Exactly as written, transcribe each line of the listing.

## [MATERIAL FOR THE TASK]

────────────────────────────────────────

lemma t_design_card_blocks:
  assumes d: "t_design t v k lam X Bs" and r: "\<And>p. p \<in> X \<Longrightarrow> card {C\<in>Bs. p \<in> C} = r"
  shows "card Bs * k = v * r"
proof -
  note fin = t_designD[OF d]
  have "card Bs * k = (\<Sum>C\<in>Bs. card {p\<in>X. p \<in> C})"
    using fin by (simp add: Int_absorb1 Int_def[symmetric])
  also have "\<dots> = (\<Sum>p\<in>X. card {C\<in>Bs. p \<in> C})"
    using fin by (intro sum_card_filter_swap)
  also have "\<dots> = v * r" using r fin(2) by simp
  finally show ?thesis .
qed

lemma symmetric_design_replication:
  assumes sym: "symmetric_design v k lam X Bs" and k: "2 \<le> k" and p: "p \<in> X"
  shows "card {C\<in>Bs. p \<in> C} = k"
proof -
  have d: "t_design 2 v k lam X Bs" and b: "card Bs = v"
    using sym by (auto simp: symmetric_design_def)
  define r where "r = card {C\<in>Bs. p \<in> C}"
  have "card {C\<in>Bs. q \<in> C} = r" if "q \<in> X" for q
  proof -
    have "card {C\<in>Bs. q \<in> C} * (k - 1) = r * (k - 1)"
      using t_design_2_replication[OF d that] t_design_2_replication[OF d p] by (simp add: r_def)
    then show ?thesis using k by simp
  qed
  then have "v * k = v * r"
    using t_design_card_blocks[OF d] b by simp
  moreover have "v > 0" using p t_designD(1,2)[OF d] by (auto simp: card_gt_0_iff)
  ultimately show ?thesis by (simp add: r_def)
qed

lemma zero_variance_imp_const:
  fixes a :: "'a \<Rightarrow> 'b :: linordered_idom"
  assumes A: "finite A"
    and first: "(\<Sum>x\<in>A. a x) = of_nat (card A) * c"
    and second: "(\<Sum>x\<in>A. a x ^ 2) = of_nat (card A) * c ^ 2"
    and x: "x \<in> A"
  shows "a x = c"
proof -
  have "(a y - c) ^ 2 = a y ^ 2 - 2 * c * a y + c ^ 2" for y
    by (simp add: power2_eq_square algebra_simps)
  then have "(\<Sum>y\<in>A. (a y - c) ^ 2)
      = (\<Sum>y\<in>A. a y ^ 2) - 2 * c * (\<Sum>y\<in>A. a y) + of_nat (card A) * c ^ 2"
    by (simp add: sum.distrib sum_subtractf sum_distrib_left)
  also have "\<dots> = 0"
    unfolding first second by (simp add: power2_eq_square algebra_simps)
  finally have "\<forall>y\<in>A. (a y - c) ^ 2 = 0"
    using A by (subst (asm) sum_nonneg_eq_0_iff) auto
  then show ?thesis using x by simp
qed

lemma symmetric_design_inter_moments:
  assumes sym: "symmetric_design v k lam X Bs" and k: "2 \<le> k" and B: "B \<in> Bs"
  shows "(\<Sum>C\<in>Bs - {B}. int (card (B \<inter> C))) = int k * (int k - 1)"
    and "(\<Sum>C\<in>Bs - {B}. int (card (B \<inter> C)) ^ 2) = int k * (int k - 1) * int lam"
proof -
  have d: "t_design 2 v k lam X Bs" using sym by (simp add: symmetric_design_def)
  note fin = t_designD[OF d]
  define A where "A = Bs - {B}"
  have fA: "finite A" using fin(3) by (simp add: A_def)
  have BX: "B \<subseteq> X" and cB: "card B = k" and fB: "finite B"
    using fin B by (auto intro: finite_subset)
  have other_blocks: "int (card {C\<in>A. P C}) = int (card {C\<in>Bs. P C}) - 1" if "P B" for P
  proof -
    have "{C\<in>A. P C} = {C\<in>Bs. P C} - {B}" by (auto simp: A_def)
    then show ?thesis using card_Suc_Diff1[of "{C\<in>Bs. P C}" B] that B fin(3) by simp
  qed
  have pair_count: "int (card {C\<in>A. p \<in> C \<and> q \<in> C}) = int (if p = q then k else lam) - 1"
    if "p \<in> B" "q \<in> B" for p q
    using other_blocks[of "\<lambda>C. p \<in> C \<and> q \<in> C"] that BX
      symmetric_design_replication[OF sym k, of p] t_design_2_pair[OF d, of p q] by auto
  have point_count: "int (card {C\<in>A. p \<in> C}) = int k - 1" if "p \<in> B" for p
    using pair_count[OF that that] by simp
  have "(\<Sum>C\<in>A. int (card (B \<inter> C))) = int (\<Sum>C\<in>A. card {p\<in>B. p \<in> C})"
    by (simp add: Int_def)
  also have "\<dots> = (\<Sum>p\<in>B. int (card {C\<in>A. p \<in> C}))"
    by (subst sum_card_filter_swap[OF fA fB]) simp
  also have "\<dots> = int k * (int k - 1)" using point_count cB by simp
  finally show "(\<Sum>C\<in>Bs - {B}. int (card (B \<inter> C))) = int k * (int k - 1)"
    by (simp add: A_def)
  have "(\<Sum>C\<in>A. int (card (B \<inter> C)) ^ 2) = (\<Sum>p\<in>B. \<Sum>q\<in>B. int (card {C\<in>A. p \<in> C \<and> q \<in> C}))"
    by (simp only: of_nat_power[symmetric] of_nat_sum[symmetric] sum_card_inter_square[OF fA fB])
  also have "\<dots> = (\<Sum>p\<in>B. \<Sum>q\<in>B. (int lam - 1) + (if q = p then int k - int lam else 0))"
    using pair_count by (intro sum.cong refl) auto
  also have "\<dots> = (\<Sum>p\<in>B. int k * (int lam - 1) + (int k - int lam))"
    using fB cB by (intro sum.cong refl) (simp add: sum.distrib)
  also have "\<dots> = int k * (int k - 1) * int lam"
    using cB by (simp add: algebra_simps)
  finally show "(\<Sum>C\<in>Bs - {B}. int (card (B \<inter> C)) ^ 2) = int k * (int k - 1) * int lam"
    by (simp add: A_def)
qed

────────────────────────────────────────

## [EXPECTED ANSWER]
lemma t_design_card_blocks:
  assumes d: "t_design t v k lam X Bs" and r: "\<And>p. p \<in> X \<Longrightarrow> card {C\<in>Bs. p \<in> C} = r"
  shows "card Bs * k = v * r"
proof -
  note fin = t_designD[OF d]
  have "card Bs * k = (\<Sum>C\<in>Bs. card {p\<in>X. p \<in> C})"
    using fin by (simp add: Int_absorb1 Int_def[symmetric])
  also have "\<dots> = (\<Sum>p\<in>X. card {C\<in>Bs. p \<in> C})"
    using fin by (intro sum_card_filter_swap)
  also have "\<dots> = v * r" using r fin(2) by simp
  finally show ?thesis .
qed

lemma symmetric_design_replication:
  assumes sym: "symmetric_design v k lam X Bs" and k: "2 \<le> k" and p: "p \<in> X"
  shows "card {C\<in>Bs. p \<in> C} = k"
proof -
  have d: "t_design 2 v k lam X Bs" and b: "card Bs = v"
    using sym by (auto simp: symmetric_design_def)
  define r where "r = card {C\<in>Bs. p \<in> C}"
  have "card {C\<in>Bs. q \<in> C} = r" if "q \<in> X" for q
  proof -
    have "card {C\<in>Bs. q \<in> C} * (k - 1) = r * (k - 1)"
      using t_design_2_replication[OF d that] t_design_2_replication[OF d p] by (simp add: r_def)
    then show ?thesis using k by simp
  qed
  then have "v * k = v * r"
    using t_design_card_blocks[OF d] b by simp
  moreover have "v > 0" using p t_designD(1,2)[OF d] by (auto simp: card_gt_0_iff)
  ultimately show ?thesis by (simp add: r_def)
qed

lemma zero_variance_imp_const:
  fixes a :: "'a \<Rightarrow> 'b :: linordered_idom"
  assumes A: "finite A"
    and first: "(\<Sum>x\<in>A. a x) = of_nat (card A) * c"
    and second: "(\<Sum>x\<in>A. a x ^ 2) = of_nat (card A) * c ^ 2"
    and x: "x \<in> A"
  shows "a x = c"
proof -
  have "(a y - c) ^ 2 = a y ^ 2 - 2 * c * a y + c ^ 2" for y
    by (simp add: power2_eq_square algebra_simps)
  then have "(\<Sum>y\<in>A. (a y - c) ^ 2)
      = (\<Sum>y\<in>A. a y ^ 2) - 2 * c * (\<Sum>y\<in>A. a y) + of_nat (card A) * c ^ 2"
    by (simp add: sum.distrib sum_subtractf sum_distrib_left)
  also have "\<dots> = 0"
    unfolding first second by (simp add: power2_eq_square algebra_simps)
  finally have "\<forall>y\<in>A. (a y - c) ^ 2 = 0"
    using A by (subst (asm) sum_nonneg_eq_0_iff) auto
  then show ?thesis using x by simp
qed

lemma symmetric_design_inter_moments:
  assumes sym: "symmetric_design v k lam X Bs" and k: "2 \<le> k" and B: "B \<in> Bs"
  shows "(\<Sum>C\<in>Bs - {B}. int (card (B \<inter> C))) = int k * (int k - 1)"
    and "(\<Sum>C\<in>Bs - {B}. int (card (B \<inter> C)) ^ 2) = int k * (int k - 1) * int lam"
proof -
  have d: "t_design 2 v k lam X Bs" using sym by (simp add: symmetric_design_def)
  note fin = t_designD[OF d]
  define A where "A = Bs - {B}"
  have fA: "finite A" using fin(3) by (simp add: A_def)
  have BX: "B \<subseteq> X" and cB: "card B = k" and fB: "finite B"
    using fin B by (auto intro: finite_subset)
  have other_blocks: "int (card {C\<in>A. P C}) = int (card {C\<in>Bs. P C}) - 1" if "P B" for P
  proof -
    have "{C\<in>A. P C} = {C\<in>Bs. P C} - {B}" by (auto simp: A_def)
    then show ?thesis using card_Suc_Diff1[of "{C\<in>Bs. P C}" B] that B fin(3) by simp
  qed
  have pair_count: "int (card {C\<in>A. p \<in> C \<and> q \<in> C}) = int (if p = q then k else lam) - 1"
    if "p \<in> B" "q \<in> B" for p q
    using other_blocks[of "\<lambda>C. p \<in> C \<and> q \<in> C"] that BX
      symmetric_design_replication[OF sym k, of p] t_design_2_pair[OF d, of p q] by auto
  have point_count: "int (card {C\<in>A. p \<in> C}) = int k - 1" if "p \<in> B" for p
    using pair_count[OF that that] by simp
  have "(\<Sum>C\<in>A. int (card (B \<inter> C))) = int (\<Sum>C\<in>A. card {p\<in>B. p \<in> C})"
    by (simp add: Int_def)
  also have "\<dots> = (\<Sum>p\<in>B. int (card {C\<in>A. p \<in> C}))"
    by (subst sum_card_filter_swap[OF fA fB]) simp
  also have "\<dots> = int k * (int k - 1)" using point_count cB by simp
  finally show "(\<Sum>C\<in>Bs - {B}. int (card (B \<inter> C))) = int k * (int k - 1)"
    by (simp add: A_def)
  have "(\<Sum>C\<in>A. int (card (B \<inter> C)) ^ 2) = (\<Sum>p\<in>B. \<Sum>q\<in>B. int (card {C\<in>A. p \<in> C \<and> q \<in> C}))"
    by (simp only: of_nat_power[symmetric] of_nat_sum[symmetric] sum_card_inter_square[OF fA fB])
  also have "\<dots> = (\<Sum>p\<in>B. \<Sum>q\<in>B. (int lam - 1) + (if q = p then int k - int lam else 0))"
    using pair_count by (intro sum.cong refl) auto
  also have "\<dots> = (\<Sum>p\<in>B. int k * (int lam - 1) + (int k - int lam))"
    using fB cB by (intro sum.cong refl) (simp add: sum.distrib)
  also have "\<dots> = int k * (int k - 1) * int lam"
    using cB by (simp add: algebra_simps)
  finally show "(\<Sum>C\<in>Bs - {B}. int (card (B \<inter> C)) ^ 2) = int k * (int k - 1) * int lam"
    by (simp add: A_def)
qed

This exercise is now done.